Next, it is necessary to decide ‘subordinate-supe-rior’ relationship between parts/partly-finished products. An attachment work is usually achieved by holding one of the parts/partly-finished products upright when the other moves directly toward it once the location of the former is identified. The one hold upright is to be called “superior”, the other “subordinate.” By deciding which part/partly-finished product of the two at an attachment work functions as superior/subordinate, the information on parts’ subordinate-superior relationship can be acquired.
Considering the actual movements of parts/partly-finished products at each attachment work, based on the two pieces of information secured above, superior is hold upright at one location, a subordinate identifies its destination and moves until the attachment is completed. Correspondingly, the locations, ‘to hold the superior up-right (assembly position, ASP)’, ‘from which the subordinate start moving (approach position, APP)’, and ‘where the attachment of the two is completed (OFFSET)’, must be specified. The 3 pieces of information are generically called “assembly position information.
When an attachment completes, the discussion on parts’ center points must not be left aside. An attachment work attaches a subordinate to a superior parts/partly-finished product, and forms a change: a newly built (partly-) finished product. If the pre-attached two parts continue to possess their center points, a newly built product should logically possess two center points. In reality, an object can possess its own center point, thus it is necessary to integrate the two center points into 1 once the attachment occurs. In other words, the act of integrating the two center points can express a generation of new “object” as a result of one attachment work, in which two parts are involved. Here, the center point discussion concludes by eliminating the subordinates’ center points. This means the center point coordinate of the newly built product after the attachment corresponds to the superior’s center point coordinate.
Non-attachment works which arise alongside the attachment works also hold meaningful information for 3D CG animation creation. Each part exists elsewhere in one place before the attachment work occurs. And after attachment the built product whether they finished or partly-finished should be placed again another place. Corresponding each location, parts’ original position, temporary placing position, and final storing position for the finished products must be secured. These locations can be described as ‘layout’ information altogether.
By adding the pieces of information discussed above to the parts’ modeling information, a 3D CG animation, in which parts are attached to build partly-finished pro-ducts and finally a finished product, can be created.

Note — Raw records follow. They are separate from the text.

lemma ex_maximal_of_width_iff_matrix:
  "(\<exists>t. maximal_of_width Q L t) \<longleftrightarrow> (\<exists>x. \<forall>y. maximal_of_width_matrix Q L x y)"
proof
  assume "\<exists>t. maximal_of_width Q L t"
  then obtain t as where t: "\<forall>u. \<not> Q t u" "antichain_below Q t as" "length as = L + 2"
    "\<not> (\<exists>as. antichain_below Q t as \<and> length as = L + 3)"
    unfolding maximal_of_width_def by blast
  then have "\<forall>y. maximal_of_width_matrix Q L (prod_encode (t, list_encode as)) y"
    unfolding maximal_of_width_matrix_def by simp
  then show "\<exists>x. \<forall>y. maximal_of_width_matrix Q L x y" ..
next
  assume "\<exists>x. \<forall>y. maximal_of_width_matrix Q L x y"
  then obtain x where x: "\<forall>y. maximal_of_width_matrix Q L x y" by blast
  let ?t = "fst (prod_decode x)"
  have "\<not> Q ?t u" for u
    using x[rule_format, of "prod_encode (u, 0)"] unfolding maximal_of_width_matrix_def by simp
  moreover have "\<exists>as. antichain_below Q ?t as \<and> length as = L + 2"
    using x[rule_format, of 0] unfolding maximal_of_width_matrix_def by blast
  moreover have "\<not> antichain_below Q ?t as \<or> length as \<noteq> L + 3" for as
    using x[rule_format, of "prod_encode (0, list_encode as)"] unfolding maximal_of_width_matrix_def by simp
  ultimately show "\<exists>t. maximal_of_width Q L t"
    unfolding maximal_of_width_def by blast
qed

lemma decidable_maximal_of_width_matrix:
  assumes Q: "decidable X (\<lambda>z. Q (fst (prod_decode z)) (snd (prod_decode z)))"
    and "computable X L" "computable X x" "computable X y"
  shows "decidable X (\<lambda>z. maximal_of_width_matrix Q (L z) (x z) (y z))"
  unfolding maximal_of_width_matrix_def antichain_below_list_decode_iff length_list_decode_eq_iff
  by (intro computable_derivation_intros decidable_app2[OF Q] assms computable_comp[OF assms(2)]
      computable_comp[OF assms(3)] computable_comp[OF assms(4)])

definition delta2_bit :: "nat set \<Rightarrow> nat \<Rightarrow> bool" where
  "delta2_bit A c \<longleftrightarrow> (if even c then c div 2 \<notin> A else c div 2 \<in> A)"

abbreviation delta2_order :: "nat set \<Rightarrow> nat \<Rightarrow> nat \<Rightarrow> bool" where
  "delta2_order A \<equiv> coded_order (\<lambda>c s. delta2_bit A c)"

lemma computable_copy_if_reducible_to_jump:
  assumes "turing_reducible A (jump X)"
  shows "\<exists>Q. rel_computable_in X Q \<and> rel_isomorphic Q (delta2_order A)"
proof -
  from assms obtain p where p: "\<And>n. eval (jump X) p n (if n \<in> A then 1 else 0)"
    unfolding turing_reducible_def by blast
  define F where "F c s \<longleftrightarrow>
      (if even c then jump_approx X (code p) s (c div 2) \<noteq> 1 else jump_approx X (code p) s (c div 2) = 1)"
    for c s
  have "\<exists>s0. \<forall>s\<ge>s0. F c s = delta2_bit A c" for c
  proof -
    obtain s0 where "\<forall>s\<ge>s0. jump_approx X (code p) s (c div 2) = (if c div 2 \<in> A then 1 else 0)"
      using limit_lemma[OF p] by blast
    then show ?thesis unfolding F_def delta2_bit_def by (intro exI[of _ s0]) auto
  qed
  then have "rel_isomorphic (coded_order F) (delta2_order A)"
    by (rule coded_order_iso_limit)
  moreover have "decidable X (\<lambda>z. F (fst (prod_decode z)) (snd (prod_decode z)))"
    unfolding F_def even_iff_mod_2_eq_zero
    by (intro computable_intros computable_app2[OF computable_jump_approx])
  then have "rel_computable_in X (coded_order F)"
    unfolding rel_computable_in_iff_decidable by (intro decidable_coded_order computable_intros)
  ultimately show ?thesis by blast
qed

lemma reducible_to_jump_if_computable_copy:
  assumes "rel_computable_in X Q" and "rel_isomorphic Q (delta2_order A)"
  shows "turing_reducible A (jump X)"
proof -
  have Q: "decidable X (\<lambda>z. Q (fst (prod_decode z)) (snd (prod_decode z)))"
    using assms(1) unfolding rel_computable_in_iff_decidable .
  have width: "(\<exists>x. \<forall>y. maximal_of_width_matrix Q L x y) \<longleftrightarrow> \<not> delta2_bit A L" for L
    unfolding ex_maximal_of_width_iff_matrix[symmetric] ex_maximal_of_width_iso[OF assms(2)]
    by (rule ex_maximal_of_width_coded_order)
  show ?thesis
  proof (rule delta2_turing_reducible_jump)
    show "n \<in> A \<longleftrightarrow> (\<exists>x. \<forall>y. maximal_of_width_matrix Q (2 * fst (prod_decode (prod_encode (n, x))))
        (snd (prod_decode (prod_encode (n, x)))) y)" for n
      using width[of "2 * n"] by (simp add: delta2_bit_def)
    show "n \<notin> A \<longleftrightarrow> (\<exists>x. \<forall>y. maximal_of_width_matrix Q (2 * fst (prod_decode (prod_encode (n, x))) + 1)
        (snd (prod_decode (prod_encode (n, x)))) y)" for n
      using width[of "2 * n + 1"] by (simp add: delta2_bit_def)
  qed (intro decidable_maximal_of_width_matrix[OF Q] computable_intros)+
qed
(* For all integers $N,\ell\ge1$ and $k$ with $\ell+1\le k\le N$, the fractional chromatic number of $\mathcal U_{N,\ell,k}$ is at most $4\ell$.
   Context: $[N]=\{1,\dots,N\}$, $S_N$ is the set of permutations of $[N]$. For $\pi,\sigma\in S_N$, $\delta(\pi,\sigma)=\max_{i\in[N]}|\pi^{-1}(i)-\sigma^{-1}(i)|$. For $1\le k\le N$, $S_{N,k}$ is the set of injective maps $[k]\to[N]$; a permutation $\pi'\in S_N$ extends $\pi\in S_{N,k}$ if $\pi'(i)=\pi(i)$ for all $i\in[k]$. For $\pi,\sigma\in S_{N,k}$, $\delta(\pi,\sigma)=\min\{\delta(\pi',\sigma'):\pi',\sigma'\in S_N$ extending $\pi,\sigma$ respectively$\}$. The $k$-restricted uncertainty graph $\mathcal U_{N,\ell,k}$ has vertex set $S_{N,k}$, with $\pi\sim\sigma$ iff $\pi(1)\ne\sigma(1)$ and $\delta(\pi,\sigma)\le\ell$. The fractional chromatic number of $G$ is the least real $w$ such that there exist independent sets $I_1,\dots,I_t$ with nonnegative weights $w_1,\dots,w_t$, $\sum_j w_j=w$, and $\sum_{j:u\in I_j}w_j\ge1$ for every vertex $u$. *)

theory Defs
  imports Complex_Main "HOL-Combinatorics.Permutations"
begin

text \<open>Permutations of [N] are functions nat => nat with p permutes {1..N}.\<close>

definition perm_dist :: "nat \<Rightarrow> (nat \<Rightarrow> nat) \<Rightarrow> (nat \<Rightarrow> nat) \<Rightarrow> int" where
  "perm_dist N p s = Max ((\<lambda>i. \<bar>int (inv p i) - int (inv s i)\<bar>) ` {1..N})"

2.3.2 Necessary information about objects as means

 As the second step, necessary information for creating modified 3D CG animations in which workers conduct the work and turn parts into products must be considered. The underlying rule that workers’ hands move parts/partly-finished products must be taken for granted before starting the discussion. The rule presents the idea that an “object” has an influence on another “object.” Based on that rule, “support relationship” must be defined. Any part/(partly-) finished product is given supportive force to be present in the workshop, i.e. by worker’s hands, tables or other material bodies. “Support relationship” can be thus defined as “relationship in which a supporting material body has a control over the movement of the supported object.” Under this relationship, when the supporting “object” moves, the supported “object” must follow its movement. Figure 4 shows the concrete example of support relationship between a part and a hand. A center point of a part must follow a center point of a hand under this relationship.
Since the definition of the support relationship is settled as above, now the discussion can move on to the next stage; what information should be gained to create a 3D CG animation of workers attaching parts. First, the information on how a worker handles parts, namely in an attachment work, ‘which hand of a worker supports the superior or the subordinate’ must be clarified. Thus, in addition to the assembly information, ‘original and final position of left and right hand’ and ‘original, temporary and final position of a part/(partly-) finished pro-duct’ must be specified. The latter means which places support which parts/(partly-)finished products.
As a general idea, the information on the second step “support relationship” can be added to the first step parts’ movements to realize a combined animation of workers conducting attachment works. The only necessary information left is regarding original positions of hands and placing/storing positions.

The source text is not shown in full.